_PROBLEM DETAILS_:
The required result is the number of lines below that hold the word "False", stated without anything else.

_SUPPLIED MATERIAL_:
lemma SIR_approx_ge_iff:
  fixes lam q alpha t R :: real
  assumes "lam > 0" "alpha > 2" "q > 0" "t > 0" "R \<ge> 0"
  shows "SIR_approx lam q alpha R \<ge> t \<longleftrightarrow>
     0 < R \<and> R \<le> sqrt ((alpha - 2) / (2 * pi * q * lam * t))"
proof (cases "R = 0")
  case True
  then show ?thesis using assms by (simp add: SIR_approx_def)
next
  case False
  define c where "c = 2 * pi * q * lam / (alpha - 2)"
  have c: "c > 0" using assms by (simp add: c_def)
  have R: "R > 0" using False assms by simp
  have "R powr (2 - alpha) = R\<^sup>2 * R powr (- alpha)"
    using R by (simp add: powr_diff powr_minus_divide powr_numeral)
  then have "SIR_approx lam q alpha R = 1 / (c * R\<^sup>2)"
    using R by (simp add: SIR_approx_def c_def)
  also have "t \<le> 1 / (c * R\<^sup>2) \<longleftrightarrow> R\<^sup>2 \<le> 1 / (c * t)"
    using R c assms by (simp add: divide_le_eq le_divide_eq algebra_simps)
  also have "\<dots> \<longleftrightarrow> R \<le> sqrt (1 / (c * t))"
    using R by (simp add: real_le_rsqrt real_sqrt_le_iff flip: real_sqrt_le_iff[of "R\<^sup>2"])
  finally show ?thesis using R assms by (simp add: c_def)
qed

lemma R_L_nonneg:
  assumes "\<exists>r\<ge>0. L \<le> card (Phi w \<inter> cball 0 r)"
  shows "0 \<le> R_L Phi L w"
  using assms unfolding R_L_def by (intro cInf_greatest) auto

text \<open>With fewer than L points in the whole plane, R_L is the unspecified value Inf {};
  this happens only on a null set.\<close>

lemma R_L_eq_Inf_empty:
  assumes "\<not> (\<exists>r\<ge>0. L \<le> card (Phi w \<inter> cball 0 r))"
  shows "R_L Phi L w = Inf {}"
  using assms unfolding R_L_def by (metis (mono_tags, lifting) Collect_empty_eq)

text \<open>The infimum defining R_L is attained, since r \<mapsto> Phi w \<inter> cball 0 r is
  constant on a right neighbourhood of every radius.\<close>

lemma R_L_le_iff:
  assumes fin: "\<And>r. finite (Phi w \<inter> cball 0 r)"
    and ex: "\<exists>r\<ge>0. L \<le> card (Phi w \<inter> cball 0 r)" and "0 \<le> a"
  shows "R_L Phi L w \<le> a \<longleftrightarrow> L \<le> card (Phi w \<inter> cball 0 a)"
proof
  let ?S = "{r. 0 \<le> r \<and> L \<le> card (Phi w \<inter> cball 0 r)}"
  have ne: "?S \<noteq> {}" and bdd: "bdd_below ?S"
    using ex by (auto intro: bdd_belowI[of _ 0])
  assume le: "R_L Phi L w \<le> a"
  have "\<forall>\<^sub>F r in at_right a. Phi w \<inter> cball 0 r = Phi w \<inter> cball 0 a"
    by (rule eventually_cball_inter_eq_at_right[OF fin, of _ "a + 1"]) simp
  then have "\<forall>\<^sub>F r in at_right a. Inf ?S < r \<and> Phi w \<inter> cball 0 r = Phi w \<inter> cball 0 a"
    using eventually_at_right_less by eventually_elim (use le in \<open>auto simp: R_L_def\<close>)
  then obtain r where r: "Inf ?S < r" "Phi w \<inter> cball 0 r = Phi w \<inter> cball 0 a"
    using eventually_happens' trivial_limit_at_right_real by blast
  then obtain s where s: "s \<in> ?S" "s < r"
    using cInf_less_iff[OF ne bdd] by blast
  have "card (Phi w \<inter> cball 0 s) \<le> card (Phi w \<inter> cball 0 r)"
    using s(2) by (intro card_mono[OF fin]) auto
  with s(1) r(2) show "L \<le> card (Phi w \<inter> cball 0 a)" by simp
next
  assume "L \<le> card (Phi w \<inter> cball 0 a)"
  then show "R_L Phi L w \<le> a"
    unfolding R_L_def using \<open>0 \<le> a\<close> by (intro cInf_lower) (auto intro: bdd_belowI[of _ 0])
qed

locale homogeneous_PPP =
  fixes M :: "'w measure" and Phi :: "'w \<Rightarrow> complex set" and lam :: real
  assumes is_PPP: "is_PPP M Phi lam"
begin

sublocale prob_space M
  using is_PPP by (simp add: is_PPP_def)

lemma count_cball_law:
  "(\<forall>w\<in>space M. finite (Phi w \<inter> cball 0 r)) \<and>
   count_in Phi (cball 0 r) \<in> measurable M (count_space UNIV) \<and>
   (\<forall>k. prob {w \<in> space M. count_in Phi (cball 0 r) w = k}
      = (lam * measure lborel (cball (0::complex) r)) ^ k / fact k
        * exp (- (lam * measure lborel (cball (0::complex) r))))"
proof -
  have "cball (0::complex) r \<in> sets borel" "bounded (cball (0::complex) r)"
    by auto
  then show ?thesis
    using is_PPP unfolding is_PPP_def by blast
qed

lemma finite_cball: "w \<in> space M \<Longrightarrow> finite (Phi w \<inter> cball 0 r)"
  using count_cball_law by blast

lemma measurable_count_cball [measurable]:
  "count_in Phi (cball 0 r) \<in> measurable M (count_space UNIV)"
  using count_cball_law by blast

lemma prob_count_cball_less:
  assumes "r \<ge> 0"
  shows "prob {w \<in> space M. count_in Phi (cball 0 r) w < L}
    = poisson_lower_tail (lam * pi * r\<^sup>2) L"
proof -
  have "{w \<in> space M. count_in Phi (cball 0 r) w < L}
      = (\<Union>k<L. {w \<in> space M. count_in Phi (cball 0 r) w = k})"
    by auto
  moreover have "{w \<in> space M. count_in Phi (cball 0 r) w = k} \<in> events" for k
    by measurable
  ultimately have "prob {w \<in> space M. count_in Phi (cball 0 r) w < L}
      = (\<Sum>k<L. prob {w \<in> space M. count_in Phi (cball 0 r) w = k})"
    by (auto simp: disjoint_family_on_def intro: finite_measure_finite_Union)
  also have "\<dots> = poisson_lower_tail (lam * pi * r\<^sup>2) L"
    unfolding poisson_lower_tail_def
  proof (rule sum.cong)
    fix k
    show "prob {w \<in> space M. count_in Phi (cball 0 r) w = k}
        = exp (- (lam * pi * r\<^sup>2)) * (lam * pi * r\<^sup>2) ^ k / fact k"
      using count_cball_law[of r]
      by (simp only: measure_cball_complex[OF assms]) (simp add: mult_ac)
  qed simp
  finally show ?thesis .
qed

lemma ex_count_cball_ge_iff:
  assumes "w \<in> space M"
  shows "(\<exists>r\<ge>0. L \<le> card (Phi w \<inter> cball 0 r)) \<longleftrightarrow>
    (\<exists>n::nat. L \<le> count_in Phi (cball 0 (real n)) w)"
proof
  assume "\<exists>r\<ge>0. L \<le> card (Phi w \<inter> cball 0 r)"
  then obtain r n where r: "L \<le> card (Phi w \<inter> cball 0 r)" and n: "r \<le> real n"
    using real_arch_simple by blast
  have "card (Phi w \<inter> cball 0 r) \<le> card (Phi w \<inter> cball 0 (real n))"
    using n by (intro card_mono finite_cball assms) auto
  with r show "\<exists>n::nat. L \<le> count_in Phi (cball 0 (real n)) w"
    unfolding count_in_def by (meson le_trans)
qed (metis count_in_def of_nat_0_le_iff)

lemma AE_count_cball_ge:
  assumes "lam > 0"
  shows "AE w in M. \<exists>n::nat. L \<le> count_in Phi (cball 0 (real n)) w"
proof (rule AE_I')
  define Few where "Few = {w \<in> space M. \<forall>n::nat. count_in Phi (cball 0 (real n)) w < L}"
  have "Few \<in> events"
    unfolding Few_def by measurable
  have "prob Few \<le> poisson_lower_tail (lam * pi * (real n)\<^sup>2) L" for n
  proof -
    have "prob Few \<le> prob {w \<in> space M. count_in Phi (cball 0 (real n)) w < L}"
      by (rule finite_measure_mono) (auto simp: Few_def)
    then show ?thesis
      by (simp add: prob_count_cball_less)
  qed
  moreover have "(\<lambda>n::nat. poisson_lower_tail (lam * pi * (real n)\<^sup>2) L) \<longlonglongrightarrow> 0"
    by (rule filterlim_compose[OF poisson_lower_tail_tendsto_0]) (use assms in real_asymp)
  ultimately have "prob Few \<le> 0"
    by (intro LIMSEQ_le_const) auto
  with \<open>Few \<in> events\<close> show "Few \<in> null_sets M"
    by (simp add: null_setsI emeasure_eq_measure measure_le_0_iff)
  show "{w \<in> space M. \<not> (\<exists>n::nat. L \<le> count_in Phi (cball 0 (real n)) w)} \<subseteq> Few"
    by (auto simp: Few_def not_le)
qed

lemma AE_count_origin_less:
  assumes "L \<ge> 1"
  shows "AE w in M. count_in Phi (cball 0 0) w < L"
proof -
  have "prob {w \<in> space M. count_in Phi (cball 0 0) w < L} = 1"
    using prob_count_cball_less[of 0] poisson_lower_tail_0[OF assms] by simp
  then show ?thesis
    by (auto dest: AE_prob_1)
qed

lemma borel_measurable_R_L [measurable]: "R_L Phi L \<in> borel_measurable M"
proof (rule borel_measurableI_le)
  fix a
  have R_L_le: "R_L Phi L w \<le> a \<longleftrightarrow>
      (if \<exists>n::nat. L \<le> count_in Phi (cball 0 (real n)) w
       then 0 \<le> a \<and> L \<le> count_in Phi (cball 0 a) w else Inf {} \<le> a)"
    if w: "w \<in> space M" for w
  proof (cases "\<exists>n::nat. L \<le> count_in Phi (cball 0 (real n)) w")
    case True
    then have ex: "\<exists>r\<ge>0. L \<le> card (Phi w \<inter> cball 0 r)"
      using ex_count_cball_ge_iff[OF w] by blast
    show ?thesis
      using True R_L_le_iff[where Phi = Phi and w = w, OF finite_cball[OF w] ex]
        R_L_nonneg[where Phi = Phi and w = w, OF ex]
      by (cases "0 \<le> a") (auto simp: count_in_def)
  next
    case False
    then have "R_L Phi L w = Inf {}"
      using ex_count_cball_ge_iff[OF w] by (intro R_L_eq_Inf_empty) blast
    with False show ?thesis
      by simp
  qed
  have "{w \<in> space M. R_L Phi L w \<le> a} =
    {w \<in> space M. if \<exists>n::nat. L \<le> count_in Phi (cball 0 (real n)) w
                   then 0 \<le> a \<and> L \<le> count_in Phi (cball 0 a) w else Inf {} \<le> a}"
    using R_L_le by blast
  also have "\<dots> \<in> sets M"
    by measurable
  finally show "{w \<in> space M. R_L Phi L w \<le> a} \<in> sets M" .
qed

end

theorem proposition1:
  fixes M :: "'w measure" and Phi :: "'w \<Rightarrow> complex set"
    and lam alpha gamma beta q :: real and L :: nat
  assumes "is_PPP M Phi lam" and "lam > 0" and "alpha > 2" and "gamma > 0" and "beta > 0"
    and "0 < q" and "q \<le> 1" and "L \<ge> 1"
  shows "measure M {w \<in> space M. SIR_approx lam q alpha (R_L Phi L w) \<ge> beta / gamma}
    = 1 - (\<Sum>l<L. exp (- ((alpha - 2) / (2 * q * beta / gamma)))
              * ((alpha - 2) / (2 * q * beta / gamma)) ^ l / fact l)"
proof -
  interpret homogeneous_PPP M Phi lam
    using assms(1) by unfold_locales
  define t where "t = beta / gamma"
  define r0 where "r0 = sqrt ((alpha - 2) / (2 * pi * q * lam * t))"
  have t: "t > 0" and r0: "r0 \<ge> 0"
    using assms by (simp_all add: t_def r0_def)
  have "AE w in M.
      SIR_approx lam q alpha (R_L Phi L w) \<ge> t \<longleftrightarrow> L \<le> count_in Phi (cball 0 r0) w"
    using AE_space AE_count_cball_ge[OF assms(2), of L] AE_count_origin_less[OF assms(8)]
  proof eventually_elim
    case (elim w)
    then have ex: "\<exists>r\<ge>0. L \<le> card (Phi w \<inter> cball 0 r)"
      using ex_count_cball_ge_iff by blast
    note R_L_le = R_L_le_iff[where Phi = Phi and w = w, OF finite_cball[OF elim(1)] ex]
    show ?case
      using SIR_approx_ge_iff[OF assms(2,3,6) t R_L_nonneg[where Phi = Phi and w = w, OF ex]]
        R_L_le[OF r0] R_L_le[of 0] elim(3)
      by (auto simp: r0_def count_in_def)
  qed
  moreover have "{w \<in> space M. SIR_approx lam q alpha (R_L Phi L w) \<ge> t} \<in> events"
    unfolding SIR_approx_def by measurable
  moreover have "{w \<in> space M. L \<le> count_in Phi (cball 0 r0) w} \<in> events"
    by measurable
  ultimately have "prob {w \<in> space M. SIR_approx lam q alpha (R_L Phi L w) \<ge> t}
      = prob {w \<in> space M. L \<le> count_in Phi (cball 0 r0) w}"
    by (rule prob_eq_AE)
  also have "\<dots> = 1 - prob {w \<in> space M. count_in Phi (cball 0 r0) w < L}"
    by (subst prob_compl[symmetric]) (auto intro!: arg_cong[where f = prob])
  also have "\<dots> = 1 - poisson_lower_tail (lam * pi * r0\<^sup>2) L"
    by (simp add: prob_count_cball_less r0)
  also have "lam * pi * r0\<^sup>2 = (alpha - 2) / (2 * q * beta / gamma)"
    using assms by (simp add: r0_def t_def)
  finally show ?thesis
    by (simp add: t_def poisson_lower_tail_def)
qed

_WRITTEN RESPONSE_:
4